Task statement: Beginning with the first line, please repeat the entries exactly and end on the line that contains "s cmp \<noteq>".

Dataset:

>>>

lemma card_kautz_words_aba:
  assumes "2 \<le> m"
  shows "card {z \<in> kautz_words d (Suc m). z ! (m - 2) = last z} = card (kautz_words d m)"
proof -
  have "card {z \<in> kautz_words d (Suc m). z ! (m - 2) = last z} =
      (\<Sum>w \<in> kautz_words d m. card {e. e \<le> d \<and> appendable w e \<and> (w @ [e]) ! (m - 2) = last (w @ [e])})"
    by (rule card_kautz_words_Suc_filter)
  also have "\<dots> = (\<Sum>w \<in> kautz_words d m. 1)"
  proof (rule sum.cong)
    fix w assume w: "w \<in> kautz_words d m"
    have len: "length w = m" and letters: "\<forall>a \<in> set w. a \<le> d"
      and adj: "\<forall>i. Suc i < m \<longrightarrow> w ! i \<noteq> w ! Suc i"
      using w by (simp_all add: kautz_words_def)
    have "w \<noteq> []" using len assms by auto
    then have "w ! (m - 2) \<noteq> last w"
      using adj[rule_format, of "m - 2"] assms len
      by (simp add: last_conv_nth Suc_diff_Suc numeral_2_eq_2)
    moreover have "3 \<le> m \<Longrightarrow> w ! (m - 2) \<noteq> w ! (m - 3)"
      using adj[rule_format, of "m - 3"] by (simp add: Suc_diff_Suc numeral_3_eq_3 numeral_2_eq_2)
    moreover have "w ! (m - 2) \<le> d" using letters len assms by simp
    ultimately have "{e. e \<le> d \<and> appendable w e \<and> (w @ [e]) ! (m - 2) = last (w @ [e])} = {w ! (m - 2)}"
      using len assms by (auto simp: appendable_def nth_append)
    then show "card {e. e \<le> d \<and> appendable w e \<and> (w @ [e]) ! (m - 2) = last (w @ [e])} = 1"
      by simp
  qed simp
  finally show ?thesis by simp
qed

lemma card_kautz_words_Suc_short:
  assumes "1 \<le> d" "1 \<le> m" "m < 3"
  shows "card (kautz_words d (Suc m)) = d * card (kautz_words d m)"
  using card_kautz_words_Suc[OF assms(1,2)] assms by (simp add: algebra_simps)
theorem theorem4p9:
  fixes Q :: "('g, 'z) monoid_scheme" and P :: "'g set"
    and L L0 :: "'a set" and r s :: "'a \<Rightarrow> 'a" and cmp :: "'a \<Rightarrow> 'a \<Rightarrow> 'a"
    and d :: "'a \<Rightarrow> 'g"
  assumes "wqlo Q P"
    and "P_graph Q P L L0 r s cmp d"
    and "FA L r s cmp \<noteq> {}"
  shows "Hausdorff_space (subtopology (powerset_top L) (path_space L r s cmp))
    \<and> has_countable_compact_basis (subtopology (powerset_top L) (path_space L r s cmp))
    \<and> Hausdorff_space (subtopology (powerset_top L) (boundary_path_space L r s cmp))
    \<and> has_countable_compact_basis (subtopology (powerset_top L) (boundary_path_space L r s cmp))
    \<and> openin (subtopology (powerset_top L) (filters L r s cmp)) (path_space L r s cmp)"
proof -
  interpret small_category L L0 r s cmp
    using assms(2) by (rule P_graph_imp_small_category)
  let ?X = "path_space L r s cmp"
  let ?D = "boundary_path_space L r s cmp"
  have "countable L"
    using assms(2) unfolding P_graph_def by blast
  then have basis: "has_countable_compact_basis (subtopology (powerset_top L) ?X)"
    by (rule path_space_countable_compact_basis)
  have boundary_closed: "closedin (subtopology (powerset_top L) ?X) ?D"
    unfolding boundary_path_space_def by (rule closedin_closure_of)
  then have "?D \<subseteq> ?X"
    using closedin_subset by fastforce
  then have "subtopology (subtopology (powerset_top L) ?X) ?D = subtopology (powerset_top L) ?D"
    by (simp add: subtopology_subtopology Int_absorb1)
  moreover have "has_countable_compact_basis (subtopology (subtopology (powerset_top L) ?X) ?D)"
    using basis boundary_closed by (rule has_countable_compact_basis_closedin_subtopology)
  ultimately show ?thesis
    using basis
    by (simp add: openin_path_space_filters Hausdorff_space_subtopology Hausdorff_space_powerset_top)
qed

end
definition xvar :: "real \<Rightarrow> real" where
  "xvar y = - ln (1 + exp (- y))"

text \<open>checkFT f k is the quantity written tilde-check-f(-k).\<close>
definition checkFT :: "(real \<Rightarrow> complex) \<Rightarrow> real \<Rightarrow> complex" where
  "checkFT f k = complex_of_real (1 / sqrt (2 * pi)) *
      (LINT y|lborel. f y * cis (k * xvar y))"

text \<open>checkFT_Th f k is the quantity written tilde-check-f^Th(-k).\<close>
definition checkFT_Th :: "(real \<Rightarrow> complex) \<Rightarrow> real \<Rightarrow> complex" where
  "checkFT_Th f k = complex_of_real (1 / sqrt (2 * pi)) *
      (LINT y|lborel. f y * cis (- k * exp (- y)))"

definition qexp :: "real \<Rightarrow> real" where
  "qexp \<epsilon> = (if \<epsilon> \<le> 1/2 then \<epsilon> else 1/2)"

end

theory Submission
  imports Defs "HOL-Probability.Characteristic_Functions" "HOL-Real_Asymp.Real_Asymp"
begin

(*
  Both transforms integrate f against e^(i k psi(y)), with psi = x or psi = -e^(-y).

  Small k.  As the integral of f vanishes, e^(i k psi) may be replaced by e^(i k psi) - 1,
  which is bounded by min(2, k |psi|).  Split the line at -a: far to the left use the bound
  2 |f| together with the decay of f, elsewhere the bound k |psi| |f|.  For psi = x, where
  |x(y)| <= 2 |y| for y <= -1, the choice a = 1/k gives O(k^q) for any decay exponent q < 1.
  For psi = -e^(-y) choose a = r (-log k) with r^(-eps) = 2: the tail contributes
  4 Cm / (eps (-log k)^eps), the rest is O(k^(1-r)) and hence eventually smaller than
  2 Cm / (eps (-log k)^eps); the normalising factor (2 pi)^(-1/2) < 1/2 halves the sum.

  Large k.  Split at a = -(L + k^(1/(2 eps))) and Y = (log k)/2.  The decay of f bounds both
  tails, the right one giving the main term 2^alpha Cp / (alpha (log k)^alpha).  On [a, Y]
  integrate by parts once, with w = 1/psi' (w = 1 + e^y for x, w = e^y for -e^(-y)):
  f e^(i k psi) is the derivative of f w e^(i k psi) / (i k) up to (f w)' e^(i k psi) / (i k).
  Since w and |w'| are at most 2 e^Y = 2 sqrt k on [a, Y], this part is O(1/sqrt k).
*)

lemma norm_mult_cis_minus_one_le:
  fixes z :: complex
  shows "norm (z * (cis t - 1)) \<le> 2 * norm z" and "norm (z * (cis t - 1)) \<le> \<bar>t\<bar> * norm z"
  using mult_left_mono[OF iexp_approx2[of t 0], of "norm z"] mult_left_mono[OF iexp_approx1[of t 0], of "norm z"]
  by (simp_all add: norm_mult mult.commute cis_conv_exp)

lemma mult_divide_powr_one_plus:
  fixes u C q :: real
  assumes "0 < u"
  shows "u * (C / u powr (1 + q)) = C * u powr (-q)"
  using assms by (simp add: powr_add powr_minus divide_inverse)

lemma divide_powr_one_plus_mono:
  fixes C x p p' :: real
  assumes "0 \<le> C" "1 \<le> x" "p \<le> p'"
  shows "C / x powr (1 + p') \<le> C / x powr (1 + p)"
  using assms by (intro divide_left_mono powr_mono) (auto simp: ge_one_powr_ge_zero)

lemma norm_FT_factor_mult_le: "norm (complex_of_real (1 / sqrt (2 * pi)) * z) \<le> norm z / 2"
proof -
  have "2 \<le> sqrt (2 * pi)"
    using pi_gt3 real_sqrt_le_mono[of 4 "2 * pi"] by simp
  have "norm (complex_of_real (1 / sqrt (2 * pi)) * z) = norm z / sqrt (2 * pi)"
    by (simp add: norm_divide)
  also have "\<dots> \<le> norm z / 2"
    using \<open>2 \<le> sqrt (2 * pi)\<close> by (intro divide_left_mono) auto
  finally show ?thesis .
qed

section \<open>Integrals against a phase\<close>

lemma borel_measurable_cis [measurable]: "cis \<in> borel_measurable borel"
  by (intro borel_measurable_continuous_onI) (simp add: cis_conv_exp continuous_intros)

lemma integrable_mult_cis:
  fixes f :: "real \<Rightarrow> complex"
  assumes "integrable lborel f" "\<phi> \<in> borel_measurable lborel"
  shows "integrable lborel (\<lambda>y. f y * cis (\<phi> y))"
  using assms(1) by (rule Bochner_Integration.integrable_bound) (use assms in \<open>auto simp: norm_mult\<close>)

lemma integrable_mult_cis_minus_one:
  fixes f :: "real \<Rightarrow> complex"
  assumes "integrable lborel f" "\<phi> \<in> borel_measurable lborel"
  shows "integrable lborel (\<lambda>y. f y * (cis (\<phi> y) - 1))"
  using integrable_mult_cis[OF assms] assms(1) by (simp add: algebra_simps)

lemma integral_mult_cis_mean_zero:
  fixes f :: "real \<Rightarrow> complex"
  assumes f: "integrable lborel f" and mean: "(LBINT y. f y) = 0"
    and \<phi>: "\<phi> \<in> borel_measurable lborel"
  shows "(LBINT y. f y * cis (\<phi> y)) = (LBINT y. f y * (cis (\<phi> y) - 1))"
  using integrable_mult_cis[OF f \<phi>] f mean by (simp add: algebra_simps)
definition multilin_bounded :: "nat \<Rightarrow> ((nat \<Rightarrow> 'a::real_normed_vector) \<Rightarrow> 'b::real_normed_vector) \<Rightarrow> bool" where
  "multilin_bounded j g \<longleftrightarrow>
     (\<forall>i<j. \<forall>h. linear (\<lambda>v. g (h(i := v)))) \<and> (\<exists>B. \<forall>h\<in>unit_dirs j. norm (g h) \<le> B)"

(* FC^m(U,E): m times continuously Frechet differentiable on U,
   derivatives taken with respect to the operator norm *)
definition FC :: "nat \<Rightarrow> 'a set \<Rightarrow> ('a::real_normed_vector \<Rightarrow> 'b::real_normed_vector) \<Rightarrow> bool" where
  "FC m U \<gamma> \<longleftrightarrow>
     (\<forall>j\<le>m. \<forall>x\<in>U. multilin_bounded j (hderiv j \<gamma> x)) \<and>
     (\<forall>j<m. \<forall>x\<in>U. ((\<lambda>v. mnorm j (\<lambda>h. hderiv j \<gamma> (x + v) h - hderiv j \<gamma> x h
                                          - hderiv (Suc j) \<gamma> x (shift_dir v h)) / norm v)
                     \<longlongrightarrow> 0) (at 0)) \<and>
     (\<forall>j\<le>m. \<forall>x\<in>U. ((\<lambda>y. mnorm j (\<lambda>h. hderiv j \<gamma> y h - hderiv j \<gamma> x h)) \<longlongrightarrow> 0) (at x within U))"

(* the seminorm  sup_{x in U} |f x| * ||D^j(eta - gamma)(x)||_op  (with inf * 0 = 0 in ereal) *)
definition wsemi :: "'a set \<Rightarrow> ('a \<Rightarrow> ereal) \<Rightarrow> nat \<Rightarrow> ('a::real_normed_vector \<Rightarrow> 'b::real_normed_vector)
                      \<Rightarrow> ('a \<Rightarrow> 'b) \<Rightarrow> ereal" where
  "wsemi U f j \<eta> \<gamma> = (SUP x\<in>U. \<bar>f x\<bar> * ereal (mnorm j (\<lambda>h. hderiv j \<eta> x h - hderiv j \<gamma> x h)))"

definition CW :: "nat \<Rightarrow> 'a set \<Rightarrow> ('a \<Rightarrow> ereal) set \<Rightarrow> ('a::real_normed_vector \<Rightarrow> 'b::real_normed_vector) set" where
  "CW m U W = {\<gamma>. FC m U \<gamma> \<and> (\<forall>f\<in>W. \<forall>j\<le>m. (SUP x\<in>U. \<bar>f x\<bar> * ereal (mnorm j (hderiv j \<gamma> x))) < \<infinity>)}"

definition CW_top :: "nat \<Rightarrow> 'a set \<Rightarrow> ('a \<Rightarrow> ereal) set \<Rightarrow> ('a::real_normed_vector \<Rightarrow> 'b::real_normed_vector) topology" where
  "CW_top m U W = topology_generated_by
     (insert (CW m U W)
        {{\<eta> \<in> CW m U W. wsemi U f j \<eta> \<gamma> < ereal \<epsilon>} | \<gamma> f j \<epsilon>.
            \<gamma> \<in> CW m U W \<and> f \<in> W \<and> j \<le> m \<and> \<epsilon> > 0})"

definition Dfun :: "('a::real_normed_vector \<Rightarrow> 'b::real_normed_vector) \<Rightarrow> 'a \<Rightarrow> ('a \<Rightarrow>\<^sub>L 'b)" where
  "Dfun \<gamma> x = Blinfun (frechet_derivative \<gamma> (at x))"

end

theory Submission
  imports Defs
begin

(* Currying is isometric: D^j(D\<gamma>)(x)(h)(v) = D^(j+1)\<gamma>(x)(h,v), and the operator norm of
   h \<mapsto> D^j(D\<gamma>)(x)(h) equals that of D^(j+1)\<gamma>(x).  Multilinearity, Frechet
   remainders and continuity moduli of D\<gamma> of order j therefore correspond to those of \<gamma>
   of order j+1, so D\<gamma> is FC^k exactly when \<gamma> is FC^(k+1), and every seminorm of
   C^(k+1)_W(U,Y) is a seminorm of C^k_W(U,L(X,Y)) pulled back along D or a seminorm of
   C^0_W(U,Y).  Hence \<gamma> \<mapsto> (D\<gamma>, \<gamma>) is continuous, injective and open onto its image. *)

lemma linear_norm_le_of_unit_ball_bound:
  fixes f :: "'a::real_normed_vector \<Rightarrow> 'b::real_normed_vector"
  assumes "linear f" "\<And>v. norm v \<le> 1 \<Longrightarrow> norm (f v) \<le> B"
  shows "norm (f v) \<le> B * norm v"
proof (cases "v = 0")
  case True
  then show ?thesis using linear_0[OF assms(1)] by simp
next
  case False
  have "f v = norm v *\<^sub>R f (v /\<^sub>R norm v)"
    using linear_scale[OF assms(1), of "norm v" "v /\<^sub>R norm v"] False by simp
  then have "norm (f v) = norm v * norm (f (v /\<^sub>R norm v))" by simp
  also have "\<dots> \<le> norm v * B"
    using assms(2)[of "v /\<^sub>R norm v"] False by (intro mult_left_mono) auto
  finally show ?thesis by (simp add: mult.commute)
qed

lemma bounded_linear_of_unit_ball_bound:
  fixes f :: "'a::real_normed_vector \<Rightarrow> 'b::real_normed_vector"
  assumes "linear f" "\<And>v. norm v \<le> 1 \<Longrightarrow> norm (f v) \<le> B"
  shows "bounded_linear f"
proof (rule bounded_linear_intro[where K=B])
  show "f (x + y) = f x + f y" for x y using linear_add[OF assms(1)] by simp
  show "f (r *\<^sub>R x) = r *\<^sub>R f x" for r x using linear_scale[OF assms(1)] by simp
  show "norm (f x) \<le> norm x * B" for x
    using linear_norm_le_of_unit_ball_bound[OF assms] by (simp add: mult.commute)
qed
(* Let $J : \mathfrak{n} \rightarrow \mathfrak{n}$ be any linear map. $J$ has zero torsion if and only if it is equivalent to one of the endomorphisms defined in the basis $(x_1,x_2,x_3)$ by: (i) $S(\xi^3_3)=\begin{pmatrix} 0&-1&0\\ 1&0&0\\ 0&0&\xi^3_3 \end{pmatrix}$, $\xi^3_3 \in \mathbb{R}$; (ii) $D(\xi^1_1)=\begin{pmatrix} \xi^1_1&0&0\\ 0&\xi^1_1&0\\ 0&0&\frac{(\xi^1_1)^2-1}{2\xi^1_1} \end{pmatrix}$, $\xi^1_1 \in \mathbb{R}$, $\xi^1_1 \neq 0$; (iii) $T(a,b)=\begin{pmatrix} 0&-ab&0\\ 1&b&0\\ 0&0&\frac{ab-1}{b} \end{pmatrix}$, $a,b \in \mathbb{R}$, $b \neq 0$. Any two distinct endomorphisms in the preceding list are non equivalent. $T(a,b)$ is equivalent to $T'(a,b)=\begin{pmatrix} b&-b&0\\ a&0&0\\ 0&0&\frac{ab-1}{b} \end{pmatrix}$.
   Context: $\mathfrak{n}$ is the real 3-dimensional Heisenberg Lie algebra with basis $(x_1,x_2,x_3)$ and commutation relations $[x_1,x_2]=x_3$. A linear map $J:\mathfrak{g}\to\mathfrak{g}$ on a real Lie algebra has zero torsion if $[JX,JY]-[X,Y]-J[JX,Y]-J[X,JY]=0$ for all $X,Y\in\mathfrak{g}$. Two such maps $J,J'$ are equivalent if $J'=\Phi\circ J\circ\Phi^{-1}$ for some $\Phi\in\mathrm{Aut}\,\mathfrak{g}$. *)

theory Defs
  imports "HOL-Analysis.Analysis"
begin

text \<open>The Heisenberg Lie algebra n = R^3 with basis x1,x2,x3 (standard basis vectors),
  bracket [x1,x2] = x3 extended bilinearly and antisymmetrically.\<close>
definition heis_br :: "real^3 \<Rightarrow> real^3 \<Rightarrow> real^3" where
  "heis_br X Y = vector [0, 0, X$1 * Y$2 - X$2 * Y$1]"

text \<open>Linear maps n -> n are represented by their matrices in the basis (x1,x2,x3):
  column j holds the coordinates of J x_j, so J applied to X is J *v X.\<close>
definition zero_torsion :: "real^3^3 \<Rightarrow> bool" where
  "zero_torsion J \<longleftrightarrow> (\<forall>X Y.
     heis_br (J *v X) (J *v Y) - heis_br X Y - J *v heis_br (J *v X) Y
       - J *v heis_br X (J *v Y) = 0)"

definition heis_aut :: "real^3^3 \<Rightarrow> bool" where
  "heis_aut P \<longleftrightarrow> invertible P \<and> (\<forall>X Y. P *v heis_br X Y = heis_br (P *v X) (P *v Y))"

definition heis_equiv :: "real^3^3 \<Rightarrow> real^3^3 \<Rightarrow> bool" where
  "heis_equiv J J' \<longleftrightarrow> (\<exists>P. heis_aut P \<and> J' = P ** J ** matrix_inv P)"

definition mat3 :: "real list \<Rightarrow> real list \<Rightarrow> real list \<Rightarrow> real^3^3" where
  "mat3 r1 r2 r3 = vector [vector r1, vector r2, vector r3]"

definition S_end :: "real \<Rightarrow> real^3^3" where
  "S_end c = mat3 [0, -1, 0] [1, 0, 0] [0, 0, c]"

definition D_end :: "real \<Rightarrow> real^3^3" where
  "D_end d = mat3 [d, 0, 0] [0, d, 0] [0, 0, (d^2 - 1) / (2 * d)]"

definition T_end :: "real \<Rightarrow> real \<Rightarrow> real^3^3" where
  "T_end a b = mat3 [0, -(a*b), 0] [1, b, 0] [0, 0, (a*b - 1) / b]"

definition T'_end :: "real \<Rightarrow> real \<Rightarrow> real^3^3" where
  "T'_end a b = mat3 [b, -b, 0] [a, 0, 0] [0, 0, (a*b - 1) / b]"

definition normal_forms :: "(real^3^3) set" where
  "normal_forms = range S_end \<union> {D_end d | d. d \<noteq> 0} \<union> {T_end a b | a b. b \<noteq> 0}"

end

theory Submission
  imports Defs
begin

text \<open>Zero torsion forces \<open>J x\<^sub>3 = l x\<^sub>3\<close> with \<open>l \<cdot> tr A = det A - 1\<close>, where \<open>A\<close> is the map
  induced by \<open>J\<close> on \<open>n/\<langle>x\<^sub>3\<rangle> \<cong> \<real>\<^sup>2\<close>. Automorphisms are exactly the block matrices
  \<open>[[B, 0], [s, det B]]\<close>, so equivalence acts on \<open>A\<close> by similarity, fixes \<open>l\<close>, and can clear the
  remaining row of \<open>J\<close> because \<open>det (l - A) = l\<^sup>2 + 1 \<noteq> 0\<close>. A scalar \<open>A\<close> gives \<open>D\<close>; otherwise \<open>A\<close> is
  similar to its companion matrix, giving \<open>S\<close> if \<open>tr A = 0\<close> (then \<open>det A = 1\<close>) and \<open>T\<close> otherwise.
  The invariants \<open>l\<close>, \<open>tr A\<close>, \<open>det A\<close> and scalarity of \<open>A\<close> separate the normal forms.\<close>

lemma matrix_inv:
  fixes A :: "'a::semiring_1^'n^'m"
  assumes "invertible A"
  shows matrix_inv_right: "A ** matrix_inv A = mat 1"
    and matrix_inv_left: "matrix_inv A ** A = mat 1"
  using someI_ex[OF assms[unfolded invertible_def]] by (simp_all add: matrix_inv_def)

<<<

Reply:
lemma card_kautz_words_aba:
  assumes "2 \<le> m"
  shows "card {z \<in> kautz_words d (Suc m). z ! (m - 2) = last z} = card (kautz_words d m)"
proof -
  have "card {z \<in> kautz_words d (Suc m). z ! (m - 2) = last z} =
      (\<Sum>w \<in> kautz_words d m. card {e. e \<le> d \<and> appendable w e \<and> (w @ [e]) ! (m - 2) = last (w @ [e])})"
    by (rule card_kautz_words_Suc_filter)
  also have "\<dots> = (\<Sum>w \<in> kautz_words d m. 1)"
  proof (rule sum.cong)
    fix w assume w: "w \<in> kautz_words d m"
    have len: "length w = m" and letters: "\<forall>a \<in> set w. a \<le> d"
      and adj: "\<forall>i. Suc i < m \<longrightarrow> w ! i \<noteq> w ! Suc i"
      using w by (simp_all add: kautz_words_def)
    have "w \<noteq> []" using len assms by auto
    then have "w ! (m - 2) \<noteq> last w"
      using adj[rule_format, of "m - 2"] assms len
      by (simp add: last_conv_nth Suc_diff_Suc numeral_2_eq_2)
    moreover have "3 \<le> m \<Longrightarrow> w ! (m - 2) \<noteq> w ! (m - 3)"
      using adj[rule_format, of "m - 3"] by (simp add: Suc_diff_Suc numeral_3_eq_3 numeral_2_eq_2)
    moreover have "w ! (m - 2) \<le> d" using letters len assms by simp
    ultimately have "{e. e \<le> d \<and> appendable w e \<and> (w @ [e]) ! (m - 2) = last (w @ [e])} = {w ! (m - 2)}"
      using len assms by (auto simp: appendable_def nth_append)
    then show "card {e. e \<le> d \<and> appendable w e \<and> (w @ [e]) ! (m - 2) = last (w @ [e])} = 1"
      by simp
  qed simp
  finally show ?thesis by simp
qed

lemma card_kautz_words_Suc_short:
  assumes "1 \<le> d" "1 \<le> m" "m < 3"
  shows "card (kautz_words d (Suc m)) = d * card (kautz_words d m)"
  using card_kautz_words_Suc[OF assms(1,2)] assms by (simp add: algebra_simps)
theorem theorem4p9:
  fixes Q :: "('g, 'z) monoid_scheme" and P :: "'g set"
    and L L0 :: "'a set" and r s :: "'a \<Rightarrow> 'a" and cmp :: "'a \<Rightarrow> 'a \<Rightarrow> 'a"
    and d :: "'a \<Rightarrow> 'g"
  assumes "wqlo Q P"
    and "P_graph Q P L L0 r s cmp d"
    and "FA L r s cmp \<noteq> {}"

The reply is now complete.